**Action item:** When the string "assms" occurs in a line of the records, show that line.

# # # # #

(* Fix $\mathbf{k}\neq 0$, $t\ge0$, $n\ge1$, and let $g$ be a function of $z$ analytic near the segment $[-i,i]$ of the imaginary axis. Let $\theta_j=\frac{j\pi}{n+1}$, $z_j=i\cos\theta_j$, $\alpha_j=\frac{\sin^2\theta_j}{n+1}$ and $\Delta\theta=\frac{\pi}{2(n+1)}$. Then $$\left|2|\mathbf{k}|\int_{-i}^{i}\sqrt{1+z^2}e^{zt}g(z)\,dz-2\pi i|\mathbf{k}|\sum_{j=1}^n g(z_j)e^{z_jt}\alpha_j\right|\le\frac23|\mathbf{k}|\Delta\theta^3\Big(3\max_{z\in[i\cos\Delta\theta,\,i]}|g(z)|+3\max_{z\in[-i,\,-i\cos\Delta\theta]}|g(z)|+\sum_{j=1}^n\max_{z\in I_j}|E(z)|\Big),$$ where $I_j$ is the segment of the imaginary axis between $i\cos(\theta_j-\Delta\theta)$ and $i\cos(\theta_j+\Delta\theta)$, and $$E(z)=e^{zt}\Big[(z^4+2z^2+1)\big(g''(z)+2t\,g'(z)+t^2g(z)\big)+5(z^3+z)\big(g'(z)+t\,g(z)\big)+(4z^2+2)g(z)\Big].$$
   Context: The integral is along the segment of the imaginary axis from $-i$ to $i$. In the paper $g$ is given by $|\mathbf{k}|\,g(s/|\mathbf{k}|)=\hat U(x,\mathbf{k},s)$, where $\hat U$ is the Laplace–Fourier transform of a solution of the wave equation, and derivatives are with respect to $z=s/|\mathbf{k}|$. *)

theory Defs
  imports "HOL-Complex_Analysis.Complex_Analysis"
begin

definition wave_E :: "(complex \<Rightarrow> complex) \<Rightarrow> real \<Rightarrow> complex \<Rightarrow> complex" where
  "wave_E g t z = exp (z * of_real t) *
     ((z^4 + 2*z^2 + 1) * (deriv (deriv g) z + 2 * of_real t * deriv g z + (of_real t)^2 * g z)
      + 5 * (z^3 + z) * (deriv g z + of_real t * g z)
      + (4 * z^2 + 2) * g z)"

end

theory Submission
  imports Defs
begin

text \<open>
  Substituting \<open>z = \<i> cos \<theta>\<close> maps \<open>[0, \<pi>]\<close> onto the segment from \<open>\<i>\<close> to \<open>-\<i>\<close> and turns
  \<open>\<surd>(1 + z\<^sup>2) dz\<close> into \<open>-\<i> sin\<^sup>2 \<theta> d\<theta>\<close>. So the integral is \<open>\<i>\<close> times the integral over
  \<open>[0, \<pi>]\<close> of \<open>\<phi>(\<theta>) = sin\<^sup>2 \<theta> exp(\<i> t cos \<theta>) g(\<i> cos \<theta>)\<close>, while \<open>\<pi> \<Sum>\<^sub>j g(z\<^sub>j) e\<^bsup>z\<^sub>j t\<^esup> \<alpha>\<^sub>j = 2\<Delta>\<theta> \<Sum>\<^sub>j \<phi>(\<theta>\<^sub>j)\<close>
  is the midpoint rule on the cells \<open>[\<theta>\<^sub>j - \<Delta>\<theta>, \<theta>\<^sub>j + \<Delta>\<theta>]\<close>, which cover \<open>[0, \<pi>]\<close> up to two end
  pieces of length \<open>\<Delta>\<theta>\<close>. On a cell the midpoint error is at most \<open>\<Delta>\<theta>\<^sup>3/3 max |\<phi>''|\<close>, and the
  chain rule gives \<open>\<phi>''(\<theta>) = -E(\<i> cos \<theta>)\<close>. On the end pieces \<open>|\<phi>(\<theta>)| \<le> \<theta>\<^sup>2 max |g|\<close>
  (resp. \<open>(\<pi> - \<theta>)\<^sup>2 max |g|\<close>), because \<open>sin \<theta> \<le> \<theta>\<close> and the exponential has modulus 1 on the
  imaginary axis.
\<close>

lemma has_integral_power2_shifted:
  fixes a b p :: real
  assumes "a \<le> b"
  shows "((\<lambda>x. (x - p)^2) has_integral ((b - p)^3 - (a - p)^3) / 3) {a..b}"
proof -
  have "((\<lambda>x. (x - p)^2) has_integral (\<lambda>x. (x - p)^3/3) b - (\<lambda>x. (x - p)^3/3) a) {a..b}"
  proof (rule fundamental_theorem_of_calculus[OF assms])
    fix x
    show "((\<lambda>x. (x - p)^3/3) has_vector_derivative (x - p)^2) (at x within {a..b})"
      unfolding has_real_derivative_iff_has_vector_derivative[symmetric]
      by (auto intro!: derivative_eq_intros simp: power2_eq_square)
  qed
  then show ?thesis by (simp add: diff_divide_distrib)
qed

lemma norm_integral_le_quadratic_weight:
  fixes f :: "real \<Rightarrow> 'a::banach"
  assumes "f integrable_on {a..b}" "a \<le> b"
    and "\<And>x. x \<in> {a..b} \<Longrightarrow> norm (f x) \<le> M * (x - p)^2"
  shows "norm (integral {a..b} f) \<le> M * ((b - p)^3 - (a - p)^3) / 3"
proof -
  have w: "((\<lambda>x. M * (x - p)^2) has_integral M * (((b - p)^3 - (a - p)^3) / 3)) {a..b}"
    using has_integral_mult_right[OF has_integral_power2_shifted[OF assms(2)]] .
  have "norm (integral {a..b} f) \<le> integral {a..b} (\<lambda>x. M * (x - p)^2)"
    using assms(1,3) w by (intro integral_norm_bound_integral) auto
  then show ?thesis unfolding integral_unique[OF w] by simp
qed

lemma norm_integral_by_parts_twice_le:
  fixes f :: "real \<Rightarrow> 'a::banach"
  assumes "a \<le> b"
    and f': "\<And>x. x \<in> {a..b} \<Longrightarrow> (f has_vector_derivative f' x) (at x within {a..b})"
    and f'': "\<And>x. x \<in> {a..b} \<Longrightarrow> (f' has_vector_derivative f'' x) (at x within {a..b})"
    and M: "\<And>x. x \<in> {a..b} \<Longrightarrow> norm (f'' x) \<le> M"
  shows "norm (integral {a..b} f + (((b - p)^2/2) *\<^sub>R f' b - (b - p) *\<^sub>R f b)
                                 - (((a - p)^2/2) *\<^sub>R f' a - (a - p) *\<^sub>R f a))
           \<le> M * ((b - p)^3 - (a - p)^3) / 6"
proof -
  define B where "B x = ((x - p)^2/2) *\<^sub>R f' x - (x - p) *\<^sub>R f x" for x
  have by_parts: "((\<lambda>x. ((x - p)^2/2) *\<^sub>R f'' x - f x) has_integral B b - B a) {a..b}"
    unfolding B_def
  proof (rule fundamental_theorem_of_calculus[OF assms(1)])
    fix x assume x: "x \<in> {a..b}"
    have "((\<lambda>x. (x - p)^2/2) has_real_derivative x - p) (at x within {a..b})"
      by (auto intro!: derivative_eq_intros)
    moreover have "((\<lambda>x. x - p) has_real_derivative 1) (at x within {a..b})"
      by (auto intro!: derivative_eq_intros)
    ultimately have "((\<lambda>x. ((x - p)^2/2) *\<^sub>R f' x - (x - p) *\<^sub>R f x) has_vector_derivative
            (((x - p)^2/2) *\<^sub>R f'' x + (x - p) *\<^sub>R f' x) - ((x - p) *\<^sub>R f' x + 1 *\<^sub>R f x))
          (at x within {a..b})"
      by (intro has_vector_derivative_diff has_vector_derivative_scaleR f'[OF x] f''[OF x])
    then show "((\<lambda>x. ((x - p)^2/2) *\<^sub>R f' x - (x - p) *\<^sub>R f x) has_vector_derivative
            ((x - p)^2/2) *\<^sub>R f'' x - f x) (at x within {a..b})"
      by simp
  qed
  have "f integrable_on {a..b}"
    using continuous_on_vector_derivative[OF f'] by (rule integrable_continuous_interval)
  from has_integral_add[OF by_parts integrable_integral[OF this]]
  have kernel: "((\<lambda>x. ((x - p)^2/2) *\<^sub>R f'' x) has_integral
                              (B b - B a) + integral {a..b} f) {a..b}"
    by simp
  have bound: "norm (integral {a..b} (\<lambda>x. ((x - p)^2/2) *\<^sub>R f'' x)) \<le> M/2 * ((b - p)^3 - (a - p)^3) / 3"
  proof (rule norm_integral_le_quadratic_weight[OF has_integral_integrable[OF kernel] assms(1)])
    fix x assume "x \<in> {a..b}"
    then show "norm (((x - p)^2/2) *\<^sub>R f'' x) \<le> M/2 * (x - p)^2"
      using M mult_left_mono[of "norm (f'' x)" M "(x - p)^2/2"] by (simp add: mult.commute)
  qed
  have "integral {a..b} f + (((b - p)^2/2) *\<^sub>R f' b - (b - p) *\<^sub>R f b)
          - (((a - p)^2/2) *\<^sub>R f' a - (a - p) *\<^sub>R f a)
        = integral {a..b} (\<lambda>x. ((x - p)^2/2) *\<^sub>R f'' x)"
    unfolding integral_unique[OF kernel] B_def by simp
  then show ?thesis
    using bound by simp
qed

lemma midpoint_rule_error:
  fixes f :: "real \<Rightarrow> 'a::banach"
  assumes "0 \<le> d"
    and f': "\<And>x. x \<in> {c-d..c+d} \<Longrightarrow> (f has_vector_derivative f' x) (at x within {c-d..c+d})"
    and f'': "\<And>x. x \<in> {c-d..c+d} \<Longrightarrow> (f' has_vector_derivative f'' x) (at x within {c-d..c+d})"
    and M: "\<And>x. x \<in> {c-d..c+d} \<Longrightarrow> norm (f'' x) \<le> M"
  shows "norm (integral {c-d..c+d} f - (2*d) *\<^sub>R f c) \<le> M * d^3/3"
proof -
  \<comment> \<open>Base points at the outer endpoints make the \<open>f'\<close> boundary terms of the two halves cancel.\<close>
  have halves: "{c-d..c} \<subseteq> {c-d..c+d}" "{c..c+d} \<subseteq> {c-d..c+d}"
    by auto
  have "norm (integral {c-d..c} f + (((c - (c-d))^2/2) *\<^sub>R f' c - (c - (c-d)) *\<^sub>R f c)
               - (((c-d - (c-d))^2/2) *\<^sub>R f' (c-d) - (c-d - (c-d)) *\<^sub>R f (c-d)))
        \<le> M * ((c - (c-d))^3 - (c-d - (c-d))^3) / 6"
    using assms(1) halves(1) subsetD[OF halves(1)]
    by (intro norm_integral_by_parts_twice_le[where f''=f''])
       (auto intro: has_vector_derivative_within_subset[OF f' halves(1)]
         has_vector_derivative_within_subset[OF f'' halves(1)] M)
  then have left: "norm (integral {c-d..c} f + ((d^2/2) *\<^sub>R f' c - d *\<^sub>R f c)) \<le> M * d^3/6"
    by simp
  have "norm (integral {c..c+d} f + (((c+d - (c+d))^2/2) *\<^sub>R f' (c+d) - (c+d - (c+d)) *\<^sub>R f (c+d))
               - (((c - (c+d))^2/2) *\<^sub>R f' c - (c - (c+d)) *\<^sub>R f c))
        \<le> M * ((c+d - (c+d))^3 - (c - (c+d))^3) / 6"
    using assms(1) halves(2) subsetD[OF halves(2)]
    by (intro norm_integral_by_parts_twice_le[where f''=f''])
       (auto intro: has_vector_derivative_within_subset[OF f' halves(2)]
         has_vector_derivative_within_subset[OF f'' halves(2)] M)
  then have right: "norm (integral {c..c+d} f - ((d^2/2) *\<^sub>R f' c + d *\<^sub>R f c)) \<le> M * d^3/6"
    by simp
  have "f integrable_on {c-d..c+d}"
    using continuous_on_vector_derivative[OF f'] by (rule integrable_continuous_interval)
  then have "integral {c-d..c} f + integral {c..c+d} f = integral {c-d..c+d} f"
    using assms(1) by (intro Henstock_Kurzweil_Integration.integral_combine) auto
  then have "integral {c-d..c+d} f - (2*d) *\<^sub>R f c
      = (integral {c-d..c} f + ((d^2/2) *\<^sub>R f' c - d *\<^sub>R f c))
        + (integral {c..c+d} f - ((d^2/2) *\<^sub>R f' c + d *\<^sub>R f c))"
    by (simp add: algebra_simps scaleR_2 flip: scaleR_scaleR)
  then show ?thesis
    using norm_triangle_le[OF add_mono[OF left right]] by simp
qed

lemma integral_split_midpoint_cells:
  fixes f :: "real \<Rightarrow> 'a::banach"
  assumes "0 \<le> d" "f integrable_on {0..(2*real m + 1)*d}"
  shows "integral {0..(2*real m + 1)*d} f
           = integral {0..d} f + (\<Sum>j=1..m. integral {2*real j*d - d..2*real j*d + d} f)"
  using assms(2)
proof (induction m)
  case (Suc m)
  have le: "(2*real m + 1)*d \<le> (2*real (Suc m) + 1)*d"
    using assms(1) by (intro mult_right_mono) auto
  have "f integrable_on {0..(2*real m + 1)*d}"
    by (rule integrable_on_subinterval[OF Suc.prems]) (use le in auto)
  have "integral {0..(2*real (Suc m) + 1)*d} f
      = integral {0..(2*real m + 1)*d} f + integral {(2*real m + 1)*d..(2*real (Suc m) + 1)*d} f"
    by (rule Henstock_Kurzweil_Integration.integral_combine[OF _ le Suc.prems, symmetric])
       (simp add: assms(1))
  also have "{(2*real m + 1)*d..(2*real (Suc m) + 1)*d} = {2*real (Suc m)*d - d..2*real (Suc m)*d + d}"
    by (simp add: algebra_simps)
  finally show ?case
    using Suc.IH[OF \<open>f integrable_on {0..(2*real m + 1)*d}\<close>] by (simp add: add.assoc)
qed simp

# # # # #

**Exercise solution:**
  proof (rule fundamental_theorem_of_calculus[OF assms])
    using has_integral_mult_right[OF has_integral_power2_shifted[OF assms(2)]] .
    using assms(1,3) w by (intro integral_norm_bound_integral) auto
  proof (rule fundamental_theorem_of_calculus[OF assms(1)])
  proof (rule norm_integral_le_quadratic_weight[OF has_integral_integrable[OF kernel] assms(1)])
    using assms(1) halves(1) subsetD[OF halves(1)]
    using assms(1) halves(2) subsetD[OF halves(2)]
    using assms(1) by (intro Henstock_Kurzweil_Integration.integral_combine) auto
  using assms(2)
    using assms(1) by (intro mult_right_mono) auto
       (simp add: assms(1))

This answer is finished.